6) In the evolutionary analyses, some sort of approach that takes phylogenetic relationships into account should be used. Also, I understand the limitations with differentially available dietary starch intake data among species… however, could a subset of the dataset be formally analyzed in this framework, i.e. considering the species for which roughly equivalent dietary data are available?

The reviewer is right. To address this, we have now conducted an independent phylogenetic contrasts analysis (new Figure 4C). This analysis, which puts into consideration the phylogenetic distances, still showed that the trends we observed based on direct comparison remain robust. In addition, we used information found in the literature to update our analysis with the predicted starch consumption of the animals we tested. Specifically, we now included additional columns in Figures 4A and 4B to contrast high and low starch consuming species.

7) Details were insufficient for me to evaluate the AMY copy number simulation results, although it is difficult for me to imagine the parameters of the simulation exercise being able to accurately model mutation rates (and especially given that rates of NAHR once duplication has occurred are expected to be strikingly higher than the rate of initial duplication of a locus).

We have now added a detailed explanation of our modeling approach in the new Materials and methods. In addition, we have now updated our modeling approach with additional parameters to reflect expected mutational mechanisms. For example, we considered, as the reviewer suggested, that the mutation rate of a single copy state is expected to be significantly lower than at a state with two or more copies where nonallelic homology is established.

Reviewer #2:

In this paper, employing digital PCR experiments to assess amylase copy number across a diverse range of mammalian lineages, Pajic et al. identify higher copy number within certain starch-consuming lineages. Additionally, they perform assays to measure salivary amylase activity and coalescent simulations to model neutral copy number variant evolution.

This work is performed in the context of known amylase gene family expansions in human, rodents, and dog, so the novelty here is the comprehensive nature with which sampling and analysis took place. The data presented here is confirmatory of the previously known amylase gene family expansions without addressing some relevant previous work, notably positive selection identified to be acting on amylase loci in mouse and dog (Staubach et al., 2012, Reiter et al., 2016).

We thank the reviewer for directing us to these relevant publications. In our revised Introduction section, we now explicitly mention their findings describing potential adaptive evolution of the amylase locus in house mice and dogs.

The possibility of gene conversion and the effect this could have on the data and inferences presented here is not discussed. There is evidence of gene conversion within this locus in human (Groot et al., 1990) and only the scenario of numerous gene duplication events and one gene loss event is presented in the section 'Evolution of amylase in primates'. If gene conversion is taking place, then duplicates may appear to be younger and more lineage-specific. Alternative scenarios are not discussed as other explanations of the data observed. Fewer and older duplication events could have occurred, followed by more than one gene loss event and this history is masked by lineage-specific similarity as a consequence of gene conversion. Additionally, ancestral duplication polymorphisms, incomplete lineage sorting and gene conversion is a possibility that is not adequately dismissed with the data and arguments presented.
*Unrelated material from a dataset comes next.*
(* Suppose $F_0$ has a unique fixed point $\bar x$ in $V$, and that for some $m\ge0$ the map $F_m$ is monotone (nondecreasing or nonincreasing) in each of its arguments. Let $F_m^*$, the monotonicity types, $\le_\tau$, $P_\tau$, $P_\tau^t$ be as in the context, and assume: $F_m^*$ has a unique fixed point; $F_m^*$ has no pseudo-fixed points; and for every initial condition $X_0\in V^{k+m}$ there exist $x,y\in V$ with $$x\le y,\quad x<F_m^*(P_\tau(x,y)),\quad F_m^*(P_\tau^t(x,y))<y,\quad P_\tau(x,y)\le_\tau X_0\le_\tau P_\tau^t(x,y).$$ Then $\bar x$ is a global attractor of $x_{n+1}=F_0(x_n,\dots,x_{n-k+1})$: every solution with initial values in $V$ converges to $\bar x$.
   Context: Let $k\ge 2$, $V\subseteq\mathbb{R}$ be $\mathbb{R}$ or $[0,\infty)$, and $F_0:V^k\to V$ continuous. Define $F_m:V^k\to V$ recursively by $F_{m+1}(u_1,\dots,u_k)=F_m(F_0(u_1,\dots,u_k),u_1,\dots,u_{k-1})$; the $F_m$-equation is $z_{n+1}=F_m(z_{n-m},\dots,z_{n-m-k+1})$. Define $F_m^*:V^{k+m}\to V$ by $F_m^*(u_1,\dots,u_{k+m})=F_m(u_{m+1},\dots,u_{m+k})$, so the $F_m$-equation reads $z_{n+1}=F_m^*(z_n,\dots,z_{n-m-k+1})$, with initial condition $X_0=(z_0,z_{-1},\dots,z_{-m-k+1})\in V^{k+m}$. To each coordinate $i\in\{1,\dots,k+m\}$ assign a type "increasing" or "decreasing" such that $F_m^*$ is nondecreasing (resp. nonincreasing) in its $i$-th argument when the type is increasing (resp. decreasing); for the first $m$ coordinates, on which $F_m^*$ is constant, any type may be assigned. The partial order $\le_\tau$ on $V^{k+m}$: $(x_1,\dots,x_{k+m})\le_\tau(y_1,\dots,y_{k+m})$ iff $x_i\le y_i$ for coordinates of increasing type and $x_i\ge y_i$ for coordinates of decreasing type. For $x,y\in V$, $P_\tau(x,y)=(u_1,\dots,u_{k+m})$ with $u_i=x$ for increasing-type coordinates and $u_i=y$ for decreasing-type coordinates, and $P_\tau^t(x,y)$ is obtained by interchanging $x$ and $y$. A pseudo-fixed point of $F_m^*$ is a pair $(x,y)\in V^2$ with $x\ne y$, $x=F_m^*(P_\tau(x,y))$ and $y=F_m^*(P^t_\tau(x,y))$. A fixed point of $F_m^*$ is $x$ with $F_m^*(x,\dots,x)=x$. *)

theory Defs
  imports "HOL-Analysis.Analysis"
begin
To provide more evidence for lineage-specific duplications in the AMY locus, we expanded our analyses of the lineage-specific retrotransposons in this locus in pigs, rats, and dogs as described in our response to reviewer #1 (revised Figure 2B). However, the reviewer is right in pointing out the potential roles of other mechanisms. In our revised manuscript, we now mention gene conversion, ancestral duplication polymorphisms, and incomplete lineage sorting, as additional factors in shaping variation in this locus.
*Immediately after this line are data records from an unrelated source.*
lemma sqnorm_dual_vector_mult_sqnorm_last_gso:
  assumes B: "B \<in> carrier_mat N M" and M: "1 \<le> M" and c: "c \<in> carrier_vec M"
    and dual: "\<And>j. j < M \<Longrightarrow> cinner (col B j) (B *\<^sub>v c) = (if j = M - 1 then 1 else 0)"
  shows "sqnorm (B *\<^sub>v c) * sqnorm (gso B (M - 1)) = 1"
proof -
  \<comment> \<open>\<open>\<langle>g, d\<rangle> = 1\<close>, while expanding \<open>d = B c\<close> gives \<open>\<langle>d, d\<rangle> = c\<^sub>M\<close> and \<open>\<langle>g, d\<rangle> = cnj c\<^sub>M \<parallel>g\<parallel>\<^sup>2\<close>\<close>
  define d where "d = B *\<^sub>v c"
  define g where "g = gso B (M - 1)"
  have dim_d: "dim_vec d = dim_row B" and dim_g: "dim_vec g = dim_row B"
    using B unfolding d_def g_def by simp_all
  have gso_d: "cinner (gso B j) d = (if j = M - 1 then 1 else 0)" if "j < M" for j
    using that
  proof (induction j rule: less_induct)
    case (less j)
    then have "(\<Sum>l<j. gs_mu B j l * cinner (gso B l) d) = 0"
      by (intro sum.neutral) auto
    then show ?case using cinner_gso_left[OF dim_d, of j] dual[OF less.prems] by (simp add: d_def)
  qed
  have "cinner d d = (\<Sum>k<M. c $ k * cinner (col B k) d)"
    unfolding d_def using cinner_mult_mat_vec_left[OF B c] dim_d B d_def by simp
  also have "\<dots> = c $ (M - 1)"
    using M by (simp add: dual d_def if_distrib sum.delta cong: if_cong)
  finally have d_d: "complex_of_real (sqnorm d) = c $ (M - 1)" by (simp add: cinner_self)
  have g_col: "cinner g (col B k) = (if k = M - 1 then complex_of_real (sqnorm g) else 0)"
    if "k < M" for k
    using that cinner_col_gso[of k "M - 1" B] cinner_commute[of g "col B k"] B
    by (simp add: g_def)
  have "1 = cinner g d" using gso_d[of "M - 1"] M by (simp add: g_def)
  also have "\<dots> = (\<Sum>k<M. cnj (c $ k) * cinner g (col B k))"
    unfolding d_def using B dim_g by (intro cinner_mult_mat_vec_right[OF B c]) simp
  also have "\<dots> = cnj (c $ (M - 1)) * complex_of_real (sqnorm g)"
    using M by (simp add: g_col if_distrib sum.delta cong: if_cong)
  also have "\<dots> = complex_of_real (sqnorm d * sqnorm g)"
    by (subst d_d [symmetric]) simp
  finally show ?thesis unfolding d_def g_def by (metis of_real_eq_1_iff)
qed

lemma LLL_reduced_cmod_gs_mu_sq_le:
  assumes "LLL_reduced B" "j < k" "k < dim_col B"
  shows "(cmod (gs_mu B k j))\<^sup>2 \<le> 1/2"
proof -
  have "\<bar>Re (gs_mu B k j)\<bar> \<le> 1/2" "\<bar>Im (gs_mu B k j)\<bar> \<le> 1/2"
    using assms unfolding LLL_reduced_def by auto
  then have "(Re (gs_mu B k j))\<^sup>2 \<le> (1/2)\<^sup>2" "(Im (gs_mu B k j))\<^sup>2 \<le> (1/2)\<^sup>2"
    by (simp_all only: power2_le_iff_abs_le)
  then show ?thesis unfolding cmod_power2 by (simp add: power_divide)
qed

lemma LLL_reduced_cmod_gs_mu_le_1:
  assumes "LLL_reduced B" "j < k" "k < dim_col B"
  shows "cmod (gs_mu B k j) \<le> 1"
  by (rule power2_le_imp_le) (use LLL_reduced_cmod_gs_mu_sq_le[OF assms] in simp_all)

lemma LLL_reduced_sqnorm_gso_le:
  assumes "LLL_reduced B" "1 \<le> k" "k < dim_col B"
  shows "sqnorm (gso B (k - 1)) \<le> 4 * sqnorm (gso B k)"
proof -
  have "(cmod (gs_mu B k (k - 1)))\<^sup>2 \<le> 1/2"
    using LLL_reduced_cmod_gs_mu_sq_le[OF assms(1) _ assms(3), of "k - 1"] assms(2) by simp
  then have "1/4 * sqnorm (gso B (k - 1)) \<le> (3/4 - (cmod (gs_mu B k (k - 1)))\<^sup>2) * sqnorm (gso B (k - 1))"
    by (intro mult_right_mono) (simp_all add: sqnorm_nonneg)
  also have "\<dots> \<le> sqnorm (gso B k)"
    using assms unfolding LLL_reduced_def by blast
  finally show ?thesis by simp
qed

lemma LLL_reduced_vnorm_gso_le_last:
  assumes L: "LLL_reduced B" and j: "j < dim_col B"
  shows "vnorm (gso B j) \<le> 2 ^ dim_col B * vnorm (gso B (dim_col B - 1))"
proof -
  let ?M = "dim_col B" and ?g = "sqnorm (gso B (dim_col B - 1))"
  have "j \<le> ?M - 1" using j by simp
  then have "sqnorm (gso B j) \<le> 4 ^ (?M - 1 - j) * ?g"
  proof (induction j rule: inc_induct)
    case (step n)
    have "sqnorm (gso B n) \<le> 4 * sqnorm (gso B (Suc n))"
      using LLL_reduced_sqnorm_gso_le[OF L, of "Suc n"] step.hyps by simp
    also have "\<dots> \<le> 4 * (4 ^ (?M - 1 - Suc n) * ?g)"
      using step.IH by simp
    also have "\<dots> = 4 ^ (?M - 1 - n) * ?g"
      using step.hyps by (simp add: Suc_diff_Suc flip: power_Suc)
    finally show ?case .
  qed simp
  also have "\<dots> \<le> 4 ^ ?M * ?g"
    by (intro mult_right_mono power_increasing) (simp_all add: sqnorm_nonneg)
  also have "\<dots> = (2 ^ ?M * vnorm (gso B (?M - 1)))\<^sup>2"
  proof -
    have "(4::real) ^ ?M = (2 ^ ?M)\<^sup>2"
      by (simp add: power2_eq_square flip: power_mult_distrib)
    then show ?thesis unfolding vnorm_def by (simp add: power_mult_distrib sqnorm_nonneg)
  qed
  finally show ?thesis
    unfolding vnorm_def by (intro real_le_lsqrt) (simp_all add: sqnorm_nonneg)
qed

lemma LLL_reduced_cmod_cinner_col_le:
  assumes L: "LLL_reduced B" and k: "k < dim_col B" and w: "dim_vec w = dim_row B"
  shows "cmod (cinner w (col B k)) \<le> (\<Sum>j<dim_col B. cmod (cinner (gso B j) w))"
proof -
  have "cmod (cinner w (col B k)) = cmod (cinner (col B k) w)"
    using w by (subst cinner_commute) simp_all
  also have "\<dots> \<le> cmod (cinner (gso B k) w) + (\<Sum>j<k. cmod (gs_mu B k j * cinner (gso B j) w))"
    unfolding cinner_col_gso_expand[OF w]
    by (rule order_trans[OF norm_triangle_ineq add_left_mono[OF norm_sum]])
  also have "\<dots> \<le> cmod (cinner (gso B k) w) + (\<Sum>j<k. cmod (cinner (gso B j) w))"
    using LLL_reduced_cmod_gs_mu_le_1[OF L _ k]
    by (intro add_left_mono sum_mono) (simp add: norm_mult mult_left_le_one_le)
  also have "\<dots> = (\<Sum>j<Suc k. cmod (cinner (gso B j) w))"
    by simp
  also have "\<dots> \<le> (\<Sum>j<dim_col B. cmod (cinner (gso B j) w))"
    using k by (intro sum_mono2) auto
  finally show ?thesis .
qed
The maximum likelihood phylogenetic tree constructed using amylase protein sequences translated from reference genomes (Figure 2A) shows species-specific clustering of sequences. The phylogenetic tree would be more informative if it also including sequences from species where increases in copy number have not occurred and was rooted with an outgroup, which are both readily available.

We thank the reviewer for this helpful advice. We now included outgroup species in our analysis as suggested by the reviewer. Since adding these species to our main Figure 2A would have made this tree too voluminous, we chose to show this larger tree in a new Figure 2—figure supplement 1instead. The results of this analysis did not change our conclusions based on the data presented in Figure 2A.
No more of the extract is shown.